===== Source information

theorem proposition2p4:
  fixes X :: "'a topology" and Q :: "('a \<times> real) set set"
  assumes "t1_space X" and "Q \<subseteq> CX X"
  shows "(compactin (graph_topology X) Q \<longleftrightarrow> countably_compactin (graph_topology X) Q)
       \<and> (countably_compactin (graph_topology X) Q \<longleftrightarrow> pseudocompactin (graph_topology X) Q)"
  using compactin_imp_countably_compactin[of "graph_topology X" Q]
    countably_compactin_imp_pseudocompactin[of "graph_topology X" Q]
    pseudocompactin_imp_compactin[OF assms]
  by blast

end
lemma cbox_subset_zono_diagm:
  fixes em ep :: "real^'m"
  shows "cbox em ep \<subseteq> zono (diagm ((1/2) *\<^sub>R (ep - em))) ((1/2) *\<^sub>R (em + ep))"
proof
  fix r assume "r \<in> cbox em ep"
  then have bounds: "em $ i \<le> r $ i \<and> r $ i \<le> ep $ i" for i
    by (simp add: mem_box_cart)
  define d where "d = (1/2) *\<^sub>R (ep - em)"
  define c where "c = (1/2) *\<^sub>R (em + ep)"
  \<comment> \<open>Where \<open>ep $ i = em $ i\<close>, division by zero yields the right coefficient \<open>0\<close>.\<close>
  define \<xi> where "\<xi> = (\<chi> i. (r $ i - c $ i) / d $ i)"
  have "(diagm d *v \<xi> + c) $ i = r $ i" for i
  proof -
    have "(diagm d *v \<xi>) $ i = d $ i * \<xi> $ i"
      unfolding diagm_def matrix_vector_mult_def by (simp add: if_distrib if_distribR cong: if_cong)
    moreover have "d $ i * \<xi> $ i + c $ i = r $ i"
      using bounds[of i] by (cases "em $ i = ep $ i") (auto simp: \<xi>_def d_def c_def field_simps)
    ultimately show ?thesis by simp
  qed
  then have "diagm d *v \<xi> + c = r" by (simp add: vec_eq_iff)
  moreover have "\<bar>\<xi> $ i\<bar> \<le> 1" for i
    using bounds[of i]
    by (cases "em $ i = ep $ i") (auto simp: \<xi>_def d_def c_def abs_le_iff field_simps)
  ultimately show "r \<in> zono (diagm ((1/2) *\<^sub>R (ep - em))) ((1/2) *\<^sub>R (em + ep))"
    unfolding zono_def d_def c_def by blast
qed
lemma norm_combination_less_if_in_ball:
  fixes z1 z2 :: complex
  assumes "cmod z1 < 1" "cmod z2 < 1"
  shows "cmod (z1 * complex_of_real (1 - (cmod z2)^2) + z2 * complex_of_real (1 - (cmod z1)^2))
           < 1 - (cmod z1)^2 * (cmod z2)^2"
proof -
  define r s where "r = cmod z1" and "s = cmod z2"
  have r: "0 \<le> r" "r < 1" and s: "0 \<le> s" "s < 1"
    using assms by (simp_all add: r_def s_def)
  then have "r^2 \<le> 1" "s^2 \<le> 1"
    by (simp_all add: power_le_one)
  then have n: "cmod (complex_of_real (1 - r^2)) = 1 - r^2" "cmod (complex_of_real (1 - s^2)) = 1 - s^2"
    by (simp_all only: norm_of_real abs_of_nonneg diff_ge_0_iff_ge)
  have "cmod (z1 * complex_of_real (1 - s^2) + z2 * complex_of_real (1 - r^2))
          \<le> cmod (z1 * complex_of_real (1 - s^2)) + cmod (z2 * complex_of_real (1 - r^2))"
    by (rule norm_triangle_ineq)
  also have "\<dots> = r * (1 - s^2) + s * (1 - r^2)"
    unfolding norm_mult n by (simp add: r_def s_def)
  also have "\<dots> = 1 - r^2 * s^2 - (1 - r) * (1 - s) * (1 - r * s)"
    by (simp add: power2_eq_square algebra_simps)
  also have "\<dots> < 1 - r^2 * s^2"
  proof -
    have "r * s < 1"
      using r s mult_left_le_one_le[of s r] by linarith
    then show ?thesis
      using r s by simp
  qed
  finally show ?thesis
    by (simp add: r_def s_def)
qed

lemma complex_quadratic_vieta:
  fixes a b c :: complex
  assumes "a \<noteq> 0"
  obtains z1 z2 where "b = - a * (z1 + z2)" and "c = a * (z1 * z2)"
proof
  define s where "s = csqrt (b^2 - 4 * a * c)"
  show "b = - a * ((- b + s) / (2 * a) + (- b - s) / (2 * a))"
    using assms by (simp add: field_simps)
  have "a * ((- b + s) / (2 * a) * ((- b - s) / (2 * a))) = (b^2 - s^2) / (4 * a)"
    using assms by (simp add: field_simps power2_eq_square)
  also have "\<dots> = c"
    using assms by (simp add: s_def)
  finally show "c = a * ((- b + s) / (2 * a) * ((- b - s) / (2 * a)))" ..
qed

==========

Among the records above, extract exactly the lines from the line with "r^2 * s^2 - (1" to the line with "then show ?thesis", both lines included, and leave out the rest.

  also have "\<dots> = 1 - r^2 * s^2 - (1 - r) * (1 - s) * (1 - r * s)"
    by (simp add: power2_eq_square algebra_simps)
  also have "\<dots> < 1 - r^2 * s^2"
  proof -
    have "r * s < 1"
      using r s mult_left_le_one_le[of s r] by linarith
    then show ?thesis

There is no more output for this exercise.